Still, in the early ‘40’s Jolson was restless and depressed. Occasional radio broadcasts and concerts were not enough to keep him busy. His fading career and Ruby Keeler’s success had mirrored the fictional story in A Star is Born. By the late ‘30’s their marriage, once considered the happiest in Hollywood was over.
World War II gave Jolson something to do. As soon the fires of Pearl Harbor blew away he was pressing the War Department for permission to entertain the troops anywhere in the world. Before the USO was up and running, he became the first star to perform at a GI base in early 1942. In fact, it was a letter he wrote to President Franklin Roosevelt’s press secretary that is credited with the creation of the USO, in which he was later commissioned. His first out of country tour took him to Central America and Naval bases in the Caribbean. Not long after he was in Britain playing to packed and cheering GI audiences. He would go anywhere—remote Alaskan stations, North Africa, the South Pacific. He was out of the gate long before his friend Bob Hope and did many more shows. His tireless work damaged his health. He contracted malaria and lost most of a lung.
Jolson also found personal happiness. He met Erle Galbraith, a young x-ray technician in an Arkansas Army camp. Late in the war he tracked her down and got her work as an actress at Columbia. They were married in March of 1945.
When the war was over, Jolson found his career was resurrected. He had gained legions of new young fans among returning GIs and publicity surrounding his shows had endeared him to the public. Columbia Pictures was eager to produce a bio-pic and in 1946 Larry Parks was tapped to play the singer in The Jolson Story. Parks carefully studied his performances to match his signature moves and style, but Jolson himself did the singing. He even managed to play himself in one scene—Suwannee filmed entirely in a long shot showing him dancing and doing his famous runs into the audience on a special runway extending into the theater auditorium. The Technicolor film was one of the biggest hits of the year. Parks even earned an Academy Award nomination for the role.
Larry Parks won an Oscar nomination playing Jolson, but Al did the singing.
Jolson was back in the big time. He got a new contract with Decca Records where he not only recreated many of his most famous songs, but also recorded new ones. He had hits with both. Among the post war hits were Carolina in the Morning, Waiting for the Robert E. Lee, When Your Were Sweet Sixteen, After Your Gone, Is It True What They Say About Dixie, and Are You Lonesome Tonight.

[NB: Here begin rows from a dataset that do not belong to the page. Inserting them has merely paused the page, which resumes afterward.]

theorem theorem1:
  fixes \<Omega> :: "'a::euclidean_space set"
    and F :: "'a set set set"
    and N :: "'a set set \<Rightarrow> 'a set \<Rightarrow> ('a \<Rightarrow> 'a) set"
  assumes "DIM('a) = 2 \<or> DIM('a) = 3"
    and "polytope \<Omega>" and "convex \<Omega>" and "interior \<Omega> \<noteq> {}"
    and "quasi_uniform_family \<Omega> F"
    and "\<forall>T\<in>F. normal_spaces T (N T)"
    and "\<forall>T\<in>F. \<forall>\<mu>::'a set \<Rightarrow> real. (\<lambda>e x. \<mu> e *\<^sub>R face_normal e) \<in> Nh T (N T)"
  shows "\<exists>C>0. \<forall>T\<in>F. \<forall>w::'a set \<Rightarrow> real.
           C * jump_norm T w \<le>
           (SUP r\<in>{r\<in>Nh T (N T). bdry_norm T r \<noteq> 0}. bdry_pair T r w / bdry_norm T r)"
proof (intro exI[of _ "1 / sqrt 2"] conjI ballI allI)
  fix T w assume "T \<in> F"
  then have "is_mesh \<Omega> T" using assms(5) by (simp add: quasi_uniform_family_def)
  then show "1 / sqrt 2 * jump_norm T w \<le>
      (SUP r\<in>{r\<in>Nh T (N T). bdry_norm T r \<noteq> 0}. bdry_pair T r w / bdry_norm T r)"
    using jump_norm_le_sqrt2_SUP[of \<Omega> T "N T" w] assms(6,7) \<open>T \<in> F\<close>
    by (simp add: pos_divide_le_eq mult.commute)
qed simp

end
lemma clopen_inner_approximation_double_index:
  fixes U :: "nat \<Rightarrow> nat \<Rightarrow> 'a set"
  assumes clopen_unions: "open_sets_countable_clopen_unions X" and qn: "QN_space X"
    and open_U: "\<And>n k. openin X (U n k)"
  shows "\<exists>Z. (\<forall>n k. openin X (Z n k) \<and> closedin X (Z n k) \<and> Z n k \<subseteq> U n k) \<and>
             (\<forall>x\<in>topspace X. \<forall>\<^sub>F n in sequentially. \<forall>k. x \<in> U n k \<longrightarrow> x \<in> Z n k)"
proof -
  define U' where "U' p = U (fst (prod_decode p)) (snd (prod_decode p))" for p
  obtain Z' where clopen_Z': "\<forall>p. openin X (Z' p) \<and> closedin X (Z' p) \<and> Z' p \<subseteq> U' p"
    and inner_Z': "\<forall>x\<in>topspace X. \<forall>\<^sub>F p in sequentially. x \<in> U' p \<longrightarrow> x \<in> Z' p"
    using clopen_inner_approximation[of X U', OF clopen_unions qn] open_U
    unfolding U'_def by blast
  define Z where "Z n k = Z' (prod_encode (n, k))" for n k
  have U'_encode: "U' (prod_encode (n, k)) = U n k" for n k
    by (simp add: U'_def)
  have "openin X (Z n k) \<and> closedin X (Z n k) \<and> Z n k \<subseteq> U n k" for n k
    using clopen_Z' U'_encode unfolding Z_def by metis
  moreover have "\<forall>\<^sub>F n in sequentially. \<forall>k. x \<in> U n k \<longrightarrow> x \<in> Z n k" if x: "x \<in> topspace X" for x
  proof -
    (* The code of (n, k) is at least n, so one threshold serves all k. *)
    obtain M where M: "\<And>p. M \<le> p \<Longrightarrow> x \<in> U' p \<Longrightarrow> x \<in> Z' p"
      using inner_Z' x unfolding eventually_sequentially by blast
    have "x \<in> Z n k" if "M \<le> n" and "x \<in> U n k" for n k
      unfolding Z_def using M[of "prod_encode (n, k)"] U'_encode[of n k] that le_prod_encode_1[of n k]
      by auto
    then show ?thesis unfolding eventually_sequentially by blast
  qed
  ultimately show ?thesis by (intro exI[of _ Z] conjI allI) auto
qed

He was back on radio in a big way too. From 1947 to ’49 he co-hosted the Kraft Music Hall with Oscar Levant. In 1948 he bested Crosby, Frank Sinatra, Perry Como and others in a Most Popular Male Vocalist poll by Variety.
Jolson Sings Again, with Parks reprising his role was released in 1949 and was another huge hit. Jolson toured in support of the film and sang before thousands in special shows in New York and in Chicago.
He distrusted the emerging new medium of television and resisted going on as a guest star. He wanted to have his own platform. A proposal to introduce himself with a live two hour concert broadcast uninterrupted by commercials was naturally greeted coolly by network executives. But talks were under way for a program of his own.
Those plans were laid aside when President Harry Truman announced he was sending troops to defend South Korea from an attack by the North in the summer of 1950. Jolson called the White House and simply announced, “I’m going to Korea.” With the USO officially disbanded Defense Secretary Harold Johnson tried to call him off. There were no funds for entertainment, he was told. “Funds? Who needs funds? I got funds! I’ll pay myself!” Jolson told reporters.
Jolson in Korea. The exhausting tour shattered his health.
By September he was on the ground with the troops. He did 42 shows in 15 days. He was presented with a medal by General Douglas MacArthur as he returned.
But he paid a heavy price. Dust had settled into his remaining good lung and he was exhausted.
While playing poker in a San Francisco hotel room just a few weeks later on October 22, 1950 Al Jolson suffered a massive heart attack. He lived long enough to tell his pals, “Boys, I’m going.” He was 64.